- Supreme Court of the United States

Argued October 11, 2022 Decided April 19, 2023
- Full case name: Reed v. Goertz
- Docket no.: 21-442
- Citations: 598 U.S. 230 (more) 143 S.Ct. 955, 215 L.Ed.2d 218
- Argument: Oral argument
- Opinion announcement: Opinion announcement

Case history
- Prior: United States Court of Appeals, Fifth Circuit No. 19-70022

Questions presented
- Did the statute of limitations begin to run when Reed's motion was denied or when the Texas Court of Criminal Appeals denied to rehear the trial?

Holding
- When a prisoner pursues state post-conviction DNA testing through the state-provided litigation process, the statute of limitations for a §1983 procedural due process claim begins to run when the state litigation ends, in this case when the Texas Court of Criminal Appeals denied Reed’s motion for rehearing.

Court membership
- Chief Justice John Roberts Associate Justices Clarence Thomas · Samuel Alito Sonia Sotomayor · Elena Kagan Neil Gorsuch · Brett Kavanaugh Amy Coney Barrett · Ketanji Brown Jackson

Case opinions
- Majority: Kavanaugh, joined by Roberts, Sotomayor, Kagan, Barrett, Jackson
- Dissent: Thomas
- Dissent: Alito, joined by Gorsuch

Laws applied
- US Constitutional Amendment V, 42 U.S. Code § 1983

= Reed v. Goertz =

Reed v. Goertz, 598 U.S. 230 (2023), is a United States Supreme Court case in which the court held that, when a prisoner pursues state post-conviction DNA testing through the state-provided litigation process, the statute of limitations for a Section 1983 procedural due process claim begins to run when the state litigation ends.

== Background ==
A Texas jury found Rodney Reed guilty of the murder of Stacey Stites. During the penalty phase several women testified that Reed had raped and assaulted them. He was sentenced to death. In 2014, Reed filed a motion in Texas state court under the state's post-conviction DNA testing law. He requested DNA testing on certain pieces of evidence, including the belt used to strangle Stites. The state court denied Reed's motion, reasoning that the items Reed requested to be tested were not preserved through an adequate chain of custody. The Texas Court of Criminal Appeals agreed and denied Reed's motion for a rehearing. Reed then sued in federal court under 42 U.S. Code §1983, a federal law allowing citizens to sue state officials for violating their federally protected rights, claiming that Texas's post-conviction DNA testing law failed to provide procedural due process. Reed also argued that the law's strict chain of custody requirements was unconstitutional. The District Court dismissed his complaint while The Fifth Circuit affirmed on the ground that Reed’s §1983 claim was filed too late, after the applicable 2-year statute of limitations had run. The Fifth Circuit held that the limitations period began to run when the Texas trial court denied Reed’s motion, not when the Texas Court of Criminal Appeals denied rehearing.

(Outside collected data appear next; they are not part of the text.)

theorem last_iterate_bound:
  assumes K: "K \<ge> 1" and xs: "xs \<in> D"
  shows "objective (x (Suc K)) - objective xs \<le>
      ((norm (xs - x 1))\<^sup>2 - (norm (xs - x (Suc K)))\<^sup>2) / (2 * real n * (\<Sum>k=1..K. gamma k))
      + 3 * ((\<Sum>i=1..n. G i) / real n)\<^sup>2 * real n * (\<Sum>k=1..K. gamma k * \<eta> k / (\<Sum>l=k..K. gamma l))"
proof -
  define Gs where "Gs = (\<Sum>i=1..n. G i)"
  \<comment> \<open>anchor 0 is the comparison point, anchor j \<ge> 1 the iterate x j\<close>
  define a where "a j = (if j = 0 then xs else x j)" for j
  define S where "S = (\<Sum>k=1..K. gamma k)"
  define T where "T = (\<Sum>k=1..K. gamma k * \<eta> k / (\<Sum>l=k..K. gamma l))"
  define A where "A = (norm (xs - x 1))\<^sup>2 - (norm (xs - x (Suc K)))\<^sup>2"
  have S_pos: "S > 0"
    unfolding S_def using gamma_pos K by (intro sum_pos) auto
  have "2 * real n * (objective (x (Suc K)) - objective xs)
      \<le> (gain 1 * (norm (xs - x 1))\<^sup>2 - gain (Suc K) * (norm (xs - x (Suc K)))\<^sup>2) / S
        + (\<Sum>k=1..K. 6 * Gs\<^sup>2 * gamma k * \<eta> k / (\<Sum>l=k..K. gamma l))"
    using weighted_last_iterate_bound[where K = K and \<gamma> = gamma and \<Delta> = "\<lambda>j. objective (a j) - objective xs"
        and d = "\<lambda>j k. gain k * (norm (a j - x k))\<^sup>2" and C = "\<lambda>k. 6 * Gs\<^sup>2 * gamma k * \<eta> k"
        and c = "2 * real n" and s = 1 and j = 0]
      gamma_pos weighted_epoch_descent x_in_dom xs K gain_ge_1[of "Suc K"]
    by (simp add: a_def S_def Gs_def)
  also have "\<dots> \<le> A / S + 6 * Gs\<^sup>2 * T"
  proof -
    have "(norm (xs - x (Suc K)))\<^sup>2 \<le> gain (Suc K) * (norm (xs - x (Suc K)))\<^sup>2"
      using gain_ge_1[of "Suc K"] by (simp add: mult_le_cancel_right1)
    then show ?thesis
      unfolding gain_1 A_def T_def using S_pos
      by (simp add: divide_right_mono sum_distrib_left mult.assoc)
  qed
  finally have "objective (x (Suc K)) - objective xs \<le> (A / S + 6 * Gs\<^sup>2 * T) / (2 * real n)"
    using n_pos by (simp add: pos_le_divide_eq mult.commute)
  also have "\<dots> = A / (2 * real n * S) + 3 * (Gs / real n)\<^sup>2 * real n * T"
    using n_pos S_pos by (simp add: field_simps power2_eq_square)
  finally show ?thesis
    by (simp add: A_def S_def T_def Gs_def)
qed

end

theorem mainTheorem11:
  fixes n K :: nat
    and fs :: "nat \<Rightarrow> 'a::euclidean_space \<Rightarrow> real"
    and g :: "nat \<Rightarrow> 'a \<Rightarrow> 'a"
    and G :: "nat \<Rightarrow> real"
    and \<psi> :: "'a \<Rightarrow> real" and D :: "'a set" and \<mu> :: real
    and \<eta> :: "nat \<Rightarrow> real" and \<sigma> :: "nat \<Rightarrow> nat \<Rightarrow> nat"
    and x :: "nat \<Rightarrow> 'a" and xi :: "nat \<Rightarrow> nat \<Rightarrow> 'a" and xs :: 'a
  assumes n_pos: "n \<ge> 1"
    and K_ge: "K \<ge> 2"
    and f_convex: "\<And>i. i \<in> {1..n} \<Longrightarrow> convex_on UNIV (fs i)"
    and g_subgrad: "\<And>i y. i \<in> {1..n} \<Longrightarrow> is_subgrad UNIV (fs i) y (g i y)"
    and G_pos: "\<And>i. i \<in> {1..n} \<Longrightarrow> G i > 0"
    and lipschitz: "\<And>i y v. i \<in> {1..n} \<Longrightarrow> is_subgrad UNIV (fs i) y v \<Longrightarrow> norm v \<le> G i"
    and psi_pcc: "proper_closed_convex D \<psi>"
    and psi_mu: "mu_condition D \<psi> \<mu>"
    and xs_min: "xs \<in> D"
      "\<And>y. y \<in> D \<Longrightarrow>
         (1 / real n) * (\<Sum>i=1..n. fs i xs) + \<psi> xs \<le> (1 / real n) * (\<Sum>i=1..n. fs i y) + \<psi> y"
    and x1: "x 1 \<in> D"
    and eta_pos: "\<And>k. k \<in> {1..K} \<Longrightarrow> \<eta> k > 0"
    and perm: "\<And>k. k \<in> {1..K} \<Longrightarrow> \<sigma> k permutes {1..n}"
    and inner_start: "\<And>k. k \<in> {1..K} \<Longrightarrow> xi k 1 = x k"
    and inner_step: "\<And>k i. k \<in> {1..K} \<Longrightarrow> i \<in> {1..n} \<Longrightarrow>
         xi k (Suc i) = xi k i - \<eta> k *\<^sub>R g (\<sigma> k i) (xi k i)"
    and prox: "\<And>k. k \<in> {1..K} \<Longrightarrow> x (Suc k) \<in> D \<and>
         (\<forall>y\<in>D. real n * \<psi> (x (Suc k)) + (norm (x (Suc k) - xi k (Suc n)))\<^sup>2 / (2 * \<eta> k)
                 \<le> real n * \<psi> y + (norm (y - xi k (Suc n)))\<^sup>2 / (2 * \<eta> k))"
  shows "let F = (\<lambda>y. (1 / real n) * (\<Sum>i=1..n. fs i y) + \<psi> y);
             \<gamma> = (\<lambda>k. \<eta> k * (\<Prod>l=2..k. 1 + real n * \<eta> (l - 1) * \<mu>));
             Gbar = (\<Sum>i=1..n. G i) / real n
         in F (x (Suc K)) - F xs \<le>
            ((norm (xs - x 1))\<^sup>2 - (norm (xs - x (Suc K)))\<^sup>2) / (2 * real n * (\<Sum>k=1..K. \<gamma> k))
            + 3 * Gbar\<^sup>2 * real n * (\<Sum>k=1..K. \<gamma> k * \<eta> k / (\<Sum>l=k..K. \<gamma> l))"
proof -
  interpret prox_shuffling n K fs g G \<psi> D \<mu> \<eta> \<sigma> x xi
    by unfold_locales (fact n_pos g_subgrad lipschitz psi_pcc psi_mu x1 eta_pos perm inner_start
        inner_step prox)+
  show ?thesis
    using last_iterate_bound[OF _ xs_min(1)] K_ge
    unfolding Let_def objective_def gamma_def gain_def by simp
qed

end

== Supreme Court decision ==
Reed sought review of the Fifth Circuit decision by the Supreme Court and filed a writ of certiorari. The Supreme Court decided 6-3 that the limitations began when state litigation ended, which was when the Texas Court of Criminal Appeals denied Reed's motion for rehearing on the DNA testing claim, reversing the Fifth Circuit's decision. It is unclear when Reed's execution will occur.